(* Let $\gamma>0$, $A:=K+\gamma M$ and $A^{\rm aux}:=G^TAJ^{\rm grad}_{\varepsilon,\bm\beta}$ (a node-to-node grid operator). Then $A^{\rm aux}=\gamma L^{\rm grad}$, where $L^{\rm grad}$ is the node operator (the SAFE stencil for the scalar $H(\mathrm{grad})$ convection–diffusion problem) $$6(L^{\rm grad}f)_{\bm n}=4(\sigma_1+\sigma_2)f_{\bm n}+(\sigma_2-4B(-b_1))f_{\bm n+e_1}+(\sigma_2-4B(b_1))f_{\bm n-e_1}+(\sigma_1-4B(-b_2))f_{\bm n+e_2}+(\sigma_1-4B(b_2))f_{\bm n-e_2}$$ $$\quad-(B(-b_1)+B(-b_2))f_{\bm n+(1,1)}-(B(b_1)+B(-b_2))f_{\bm n+(-1,1)}-(B(-b_1)+B(b_2))f_{\bm n+(1,-1)}-(B(b_1)+B(b_2))f_{\bm n+(-1,-1)},$$ with $B=B_\varepsilon$. Equivalently, for every $\bm\theta\in\mathbb{R}^2$, $A^{\rm aux}\varphi(\bm\theta)_N=\gamma\cdot\tfrac23 D(\bm\theta)\varphi(\bm\theta)_N$ with $$D(\bm\theta)=(2+\tilde c_2)s_1^2\sigma_1+(2+\tilde c_1)s_2^2\sigma_2-\tfrac{i}{2}\tilde s_1b_1(2+\tilde c_2)-\tfrac{i}{2}\tilde s_2b_2(2+\tilde c_1),$$ and $\tfrac23D(\bm\theta)$ is also the Fourier symbol of $L^{\rm grad}$.
   Context: Fix constants $\varepsilon>0$, $\bm{\beta}=(\beta_1,\beta_2)\in\mathbb{R}^2$, $h>0$, and set $b_j:=\beta_j h$. The Bernoulli function is $B_\varepsilon(s):=\varepsilon\big/\int_0^1 e^{sx/\varepsilon}\,dx$. Write $\sigma_j:=B_\varepsilon(b_j)+B_\varepsilon(-b_j)$, $s_j=\sin(\theta_j/2)$, $\tilde s_j=\sin\theta_j$, $\tilde c_j=\cos\theta_j$. Index sets: nodes $N=\mathbb{Z}^2$, horizontal edges $E_1=(\mathbb{Z}+\frac12)\times\mathbb{Z}$, vertical edges $E_2=\mathbb{Z}\times(\mathbb{Z}+\frac12)$, $E=E_1\cup E_2$; grid functions are complex-valued functions on these sets; $e_1=(1,0)$, $e_2=(0,1)$. $J^{\rm grad}_{\varepsilon,\bm\beta}$: $(J^{\rm grad}_{\varepsilon,\bm\beta}f)_{\bm k}=-B_\varepsilon(b_j)f_{\bm k-e_j/2}+B_\varepsilon(-b_j)f_{\bm k+e_j/2}$ for $\bm k\in E_j$. $G^T$ maps edge functions to node functions by $(G^Tg)_{\bm n}=\sum_{j=1}^2\big(g_{\bm n-e_j/2}-g_{\bm n+e_j/2}\big)$. The edge operator $K$ is defined, writing $B=B_\varepsilon$, by: for $\bm k\in E_1$, $h^2(Kf)_{\bm k}=\sigma_2f_{\bm k}-B(-b_2)f_{\bm k+e_2}-B(b_2)f_{\bm k-e_2}-B(b_1)f_{\bm k+(-\frac12,\frac12)}+B(-b_1)f_{\bm k+(\frac12,\frac12)}+B(b_1)f_{\bm k+(-\frac12,-\frac12)}-B(-b_1)f_{\bm k+(\frac12,-\frac12)}$; for $\bm k\in E_2$, $h^2(Kf)_{\bm k}=\sigma_1f_{\bm k}-B(b_1)f_{\bm k-e_1}-B(-b_1)f_{\bm k+e_1}-B(-b_2)f_{\bm k+(-\frac12,\frac12)}+B(-b_2)f_{\bm k+(\frac12,\frac12)}+B(b_2)f_{\bm k+(-\frac12,-\frac12)}-B(b_2)f_{\bm k+(\frac12,-\frac12)}$. The edge mass operator $M$: $(Mf)_{\bm k}=\frac23f_{\bm k}+\frac16(f_{\bm k+e_2}+f_{\bm k-e_2})$ for $\bm k\in E_1$, and $(Mf)_{\bm k}=\frac23f_{\bm k}+\frac16(f_{\bm k+e_1}+f_{\bm k-e_1})$ for $\bm k\in E_2$. Fourier modes: $\varphi(\bm\theta)_N(\bm k):=e^{i\bm\theta\cdot\bm k}$ for $\bm k\in N$. *)

theory Defs
  imports "HOL-Analysis.Analysis"
begin

text \<open>Grid functions are complex-valued functions of points of the plane
  (coordinates as real pairs); only their values on the relevant index sets
  (nodes Z^2, horizontal edges (Z+1/2) x Z, vertical edges Z x (Z+1/2)) matter.\<close>

type_synonym gridfun = "real \<times> real \<Rightarrow> complex"

definition Bern :: "real \<Rightarrow> real \<Rightarrow> real" where
  "Bern \<epsilon> s = \<epsilon> / integral {0..1} (\<lambda>x. exp (s * x / \<epsilon>))"

definition isNode :: "real \<times> real \<Rightarrow> bool" where
  "isNode p \<longleftrightarrow> fst p \<in> \<int> \<and> snd p \<in> \<int>"

definition isE1 :: "real \<times> real \<Rightarrow> bool" where
  "isE1 p \<longleftrightarrow> fst p - 1/2 \<in> \<int> \<and> snd p \<in> \<int>"

definition isE2 :: "real \<times> real \<Rightarrow> bool" where
  "isE2 p \<longleftrightarrow> fst p \<in> \<int> \<and> snd p - 1/2 \<in> \<int>"

definition sh :: "real \<times> real \<Rightarrow> real \<Rightarrow> real \<Rightarrow> real \<times> real" where
  "sh k dx dy = (fst k + dx, snd k + dy)"

definition b1 :: "real \<times> real \<Rightarrow> real \<Rightarrow> real" where "b1 \<beta> h = fst \<beta> * h"
definition b2 :: "real \<times> real \<Rightarrow> real \<Rightarrow> real" where "b2 \<beta> h = snd \<beta> * h"

definition sig :: "real \<Rightarrow> real \<Rightarrow> real" where
  "sig \<epsilon> b = Bern \<epsilon> b + Bern \<epsilon> (- b)"

definition Jgrad :: "real \<Rightarrow> real \<times> real \<Rightarrow> real \<Rightarrow> gridfun \<Rightarrow> gridfun" where
  "Jgrad \<epsilon> \<beta> h f k =
    (if isE1 k then - complex_of_real (Bern \<epsilon> (b1 \<beta> h)) * f (sh k (-1/2) 0) + complex_of_real (Bern \<epsilon> (- b1 \<beta> h)) * f (sh k (1/2) 0)
     else if isE2 k then - complex_of_real (Bern \<epsilon> (b2 \<beta> h)) * f (sh k 0 (-1/2)) + complex_of_real (Bern \<epsilon> (- b2 \<beta> h)) * f (sh k 0 (1/2))
     else 0)"

definition GT :: "gridfun \<Rightarrow> gridfun" where
  "GT g n = (g (sh n (-1/2) 0) - g (sh n (1/2) 0)) + (g (sh n 0 (-1/2)) - g (sh n 0 (1/2)))"

definition Kop :: "real \<Rightarrow> real \<times> real \<Rightarrow> real \<Rightarrow> gridfun \<Rightarrow> gridfun" where
  "Kop \<epsilon> \<beta> h f k =
    (let B = (\<lambda>s. complex_of_real (Bern \<epsilon> s)); c1 = b1 \<beta> h; c2 = b2 \<beta> h in
     (if isE1 k then
        (complex_of_real (sig \<epsilon> c2) * f k - B (-c2) * f (sh k 0 1) - B c2 * f (sh k 0 (-1))
         - B c1 * f (sh k (-1/2) (1/2)) + B (-c1) * f (sh k (1/2) (1/2))
         + B c1 * f (sh k (-1/2) (-1/2)) - B (-c1) * f (sh k (1/2) (-1/2))) / complex_of_real (h^2)
      else if isE2 k then
        (complex_of_real (sig \<epsilon> c1) * f k - B c1 * f (sh k (-1) 0) - B (-c1) * f (sh k 1 0)
         - B (-c2) * f (sh k (-1/2) (1/2)) + B (-c2) * f (sh k (1/2) (1/2))
         + B c2 * f (sh k (-1/2) (-1/2)) - B c2 * f (sh k (1/2) (-1/2))) / complex_of_real (h^2)
      else 0))"

definition Mop :: "gridfun \<Rightarrow> gridfun" where
  "Mop f k =
    (if isE1 k then 2/3 * f k + 1/6 * (f (sh k 0 1) + f (sh k 0 (-1)))
     else if isE2 k then 2/3 * f k + 1/6 * (f (sh k 1 0) + f (sh k (-1) 0))
     else 0)"

definition Aop :: "real \<Rightarrow> real \<times> real \<Rightarrow> real \<Rightarrow> real \<Rightarrow> gridfun \<Rightarrow> gridfun" where
  "Aop \<epsilon> \<beta> h \<gamma> f k = Kop \<epsilon> \<beta> h f k + complex_of_real \<gamma> * Mop f k"

definition Aaux :: "real \<Rightarrow> real \<times> real \<Rightarrow> real \<Rightarrow> real \<Rightarrow> gridfun \<Rightarrow> gridfun" where
  "Aaux \<epsilon> \<beta> h \<gamma> f = GT (Aop \<epsilon> \<beta> h \<gamma> (Jgrad \<epsilon> \<beta> h f))"

definition Lgrad :: "real \<Rightarrow> real \<times> real \<Rightarrow> real \<Rightarrow> gridfun \<Rightarrow> gridfun" where
  "Lgrad \<epsilon> \<beta> h f n =
    (let B = (\<lambda>s. complex_of_real (Bern \<epsilon> s)); c1 = b1 \<beta> h; c2 = b2 \<beta> h;
         s1 = complex_of_real (sig \<epsilon> c1); s2 = complex_of_real (sig \<epsilon> c2) in
     (4 * (s1 + s2) * f n
      + (s2 - 4 * B (-c1)) * f (sh n 1 0) + (s2 - 4 * B c1) * f (sh n (-1) 0)
      + (s1 - 4 * B (-c2)) * f (sh n 0 1) + (s1 - 4 * B c2) * f (sh n 0 (-1))
      - (B (-c1) + B (-c2)) * f (sh n 1 1) - (B c1 + B (-c2)) * f (sh n (-1) 1)
      - (B (-c1) + B c2) * f (sh n 1 (-1)) - (B c1 + B c2) * f (sh n (-1) (-1))) / 6)"

definition phiN :: "real \<times> real \<Rightarrow> gridfun" where
  "phiN \<theta> k = exp (\<i> * complex_of_real (fst \<theta> * fst k + snd \<theta> * snd k))"

definition Dsym :: "real \<Rightarrow> real \<times> real \<Rightarrow> real \<Rightarrow> real \<times> real \<Rightarrow> complex" where
  "Dsym \<epsilon> \<beta> h \<theta> =
    (let t1 = fst \<theta>; t2 = snd \<theta>; c1 = b1 \<beta> h; c2 = b2 \<beta> h;
         sa = sin (t1/2); sb = sin (t2/2) in
     complex_of_real ((2 + cos t2) * sa^2 * sig \<epsilon> c1 + (2 + cos t1) * sb^2 * sig \<epsilon> c2)
     - \<i> / 2 * complex_of_real (sin t1 * c1 * (2 + cos t2))
     - \<i> / 2 * complex_of_real (sin t2 * c2 * (2 + cos t1)))"

end

theory Submission
  imports Defs
begin

text \<open>\<open>K\<close> is a discrete curl-curl operator, so \<open>G^T K\<close> annihilates every discrete gradient
  \<open>J^grad f\<close>, identically in the Bernoulli weights. Only the mass term of \<open>A\<close> survives, and
  \<open>G^T M J^grad\<close> expands to the SAFE stencil \<open>L^grad\<close>. Its Fourier symbol follows from
  \<open>B(-s) = B(s) + s\<close>, which turns the antisymmetric part of each pair of weights into the
  convection term \<open>b_j\<close>.\<close>

lemma integral_exp_mult_01:
  fixes t :: real
  assumes "t \<noteq> 0"
  shows "integral {0..1} (\<lambda>x. exp (t * x)) = (exp t - 1) / t"
proof -
  have "((\<lambda>x. exp (t * x)) has_integral (exp (t * 1) / t - exp (t * 0) / t)) {0..1}"
    using assms
    by (intro fundamental_theorem_of_calculus)
       (auto intro!: derivative_eq_intros
             simp flip: has_real_derivative_iff_has_vector_derivative)
  then show ?thesis
    by (simp add: integral_unique diff_divide_distrib)
qed

lemma Bern_uminus:
  assumes "\<epsilon> > 0"
  shows "Bern \<epsilon> (- s) = Bern \<epsilon> s + s"
proof (cases "s = 0")
  case True
  then show ?thesis by simp
next
  case False
  define t where "t = s / \<epsilon>"
  have "t \<noteq> 0" and "exp t \<noteq> 1" and s: "s = \<epsilon> * t"
    using False assms by (simp_all add: t_def)
  have "Bern \<epsilon> s = \<epsilon> / ((exp t - 1) / t)"
    using integral_exp_mult_01[OF \<open>t \<noteq> 0\<close>] by (simp add: Bern_def t_def)
  also have "\<dots> = s / (exp t - 1)"
    using \<open>exp t \<noteq> 1\<close> by (simp add: s field_simps)
  finally have B_pos: "Bern \<epsilon> s = s / (exp t - 1)" .
  have "Bern \<epsilon> (- s) = \<epsilon> / ((exp (- t) - 1) / - t)"
    using integral_exp_mult_01[of "- t"] \<open>t \<noteq> 0\<close> by (simp add: Bern_def t_def)
  also have "\<dots> = s * exp t / (exp t - 1)"
    using \<open>exp t \<noteq> 1\<close> by (simp add: s exp_minus field_simps)
  finally have B_neg: "Bern \<epsilon> (- s) = s * exp t / (exp t - 1)" .
  show ?thesis
    unfolding B_pos B_neg using \<open>exp t \<noteq> 1\<close> by (simp add: field_simps)
qed

lemma sh_sh [simp]: "sh (sh k a b) c d = sh k (a + c) (b + d)"
  by (simp add: sh_def)

lemma sh_0_0 [simp]: "sh k 0 0 = k"
  by (simp add: sh_def)

lemma of_int_add_half_notin_Ints: "(of_int k + 1/2 :: real) \<notin> \<int>"
proof
  assume "(of_int k + 1/2 :: real) \<in> \<int>"
  then obtain m where "(of_int m :: real) = of_int k + 1/2"
    by (auto elim: Ints_cases)
  then have "(of_int (2 * m) :: real) = of_int (2 * k + 1)"
    by simp
  then have "2 * m = 2 * k + 1"
    by (simp only: of_int_eq_iff)
  then show False
    by presburger
qed

lemma half_integers_notin_Ints [simp]:
  "(1/2 :: real) \<notin> \<int>" "- (1/2 :: real) \<notin> \<int>" "(3/2 :: real) \<notin> \<int>" "- (3/2 :: real) \<notin> \<int>"
  using of_int_add_half_notin_Ints[of 0] of_int_add_half_notin_Ints[of "-1"]
    of_int_add_half_notin_Ints[of 1] of_int_add_half_notin_Ints[of "-2"]
  by simp_all

lemma Ints_add_cancel_left: "(x :: real) \<in> \<int> \<Longrightarrow> x + c \<in> \<int> \<longleftrightarrow> c \<in> \<int>"
  by (metis Ints_add Ints_diff add_diff_cancel_left')

lemma isE1_sh:
  "isNode n \<Longrightarrow> isE1 (sh n a b) \<longleftrightarrow> a - 1/2 \<in> \<int> \<and> b \<in> \<int>"
  unfolding isNode_def isE1_def sh_def
  by (simp add: Ints_add_cancel_left add_diff_eq[symmetric])

lemma isE2_sh:
  "isNode n \<Longrightarrow> isE2 (sh n a b) \<longleftrightarrow> a \<in> \<int> \<and> b - 1/2 \<in> \<int>"
  unfolding isNode_def isE2_def sh_def
  by (simp add: Ints_add_cancel_left add_diff_eq[symmetric])

lemma GT_Kop_Jgrad_eq_0:
  assumes "isNode n"
  shows "GT (Kop \<epsilon> \<beta> h (Jgrad \<epsilon> \<beta> h f)) n = 0"
  using assms unfolding GT_def Kop_def Jgrad_def Let_def sig_def
  by (simp add: isE1_sh isE2_sh) (simp add: field_simps)

lemma GT_Mop_Jgrad_eq_Lgrad:
  assumes "isNode n"
  shows "GT (Mop (Jgrad \<epsilon> \<beta> h f)) n = Lgrad \<epsilon> \<beta> h f n"
  using assms unfolding GT_def Mop_def Jgrad_def Lgrad_def Let_def sig_def
  by (simp add: isE1_sh isE2_sh) (simp add: field_simps)

lemma GT_add_mult: "GT (\<lambda>k. f k + c * g k) n = GT f n + c * GT g n"
  unfolding GT_def by (simp add: algebra_simps)

lemma Aaux_eq_Lgrad:
  assumes "isNode n"
  shows "Aaux \<epsilon> \<beta> h \<gamma> f n = complex_of_real \<gamma> * Lgrad \<epsilon> \<beta> h f n"
  unfolding Aaux_def Aop_def GT_add_mult
  using GT_Kop_Jgrad_eq_0[OF assms] GT_Mop_Jgrad_eq_Lgrad[OF assms] by simp

lemma phiN_sh: "phiN \<theta> (sh n a b) = phiN \<theta> n * (cis (fst \<theta> * a) * cis (snd \<theta> * b))"
  unfolding phiN_def sh_def cis_conv_exp
  by (simp add: exp_add[symmetric] algebra_simps)

lemma sin_half_power2: "sin ((t :: real) / 2) ^ 2 = (1 - cos t) / 2"
  using cos_double_sin[of "t / 2"] by simp

lemma Lgrad_phiN:
  assumes "\<epsilon> > 0"
  shows "Lgrad \<epsilon> \<beta> h (phiN \<theta>) n = 2/3 * Dsym \<epsilon> \<beta> h \<theta> * phiN \<theta> n"
  unfolding Lgrad_def Dsym_def Let_def sig_def phiN_sh
  by (simp add: Bern_uminus[OF assms] sin_half_power2 cis.ctr cos_diff sin_diff complex_eq_iff)
     (simp add: algebra_simps)

theorem theorem4p2:
  fixes \<epsilon> h \<gamma> :: real and \<beta> :: "real \<times> real"
  assumes "\<epsilon> > 0" and "h > 0" and "\<gamma> > 0"
  shows "(\<forall>f n. isNode n \<longrightarrow> Aaux \<epsilon> \<beta> h \<gamma> f n = complex_of_real \<gamma> * Lgrad \<epsilon> \<beta> h f n)
    \<and> (\<forall>\<theta> n. isNode n \<longrightarrow>
          Aaux \<epsilon> \<beta> h \<gamma> (phiN \<theta>) n = complex_of_real \<gamma> * (2/3 * Dsym \<epsilon> \<beta> h \<theta>) * phiN \<theta> n)
    \<and> (\<forall>\<theta> n. isNode n \<longrightarrow> Lgrad \<epsilon> \<beta> h (phiN \<theta>) n = 2/3 * Dsym \<epsilon> \<beta> h \<theta> * phiN \<theta> n)"
  using Aaux_eq_Lgrad Lgrad_phiN[OF \<open>\<epsilon> > 0\<close>] by (simp add: mult.assoc)

end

----------------

**Exercise:** Copy out the lines of the data where the word "fixes" can be found.

**Output for this task:**
  fixes t :: real
  fixes \<epsilon> h \<gamma> :: real and \<beta> :: "real \<times> real"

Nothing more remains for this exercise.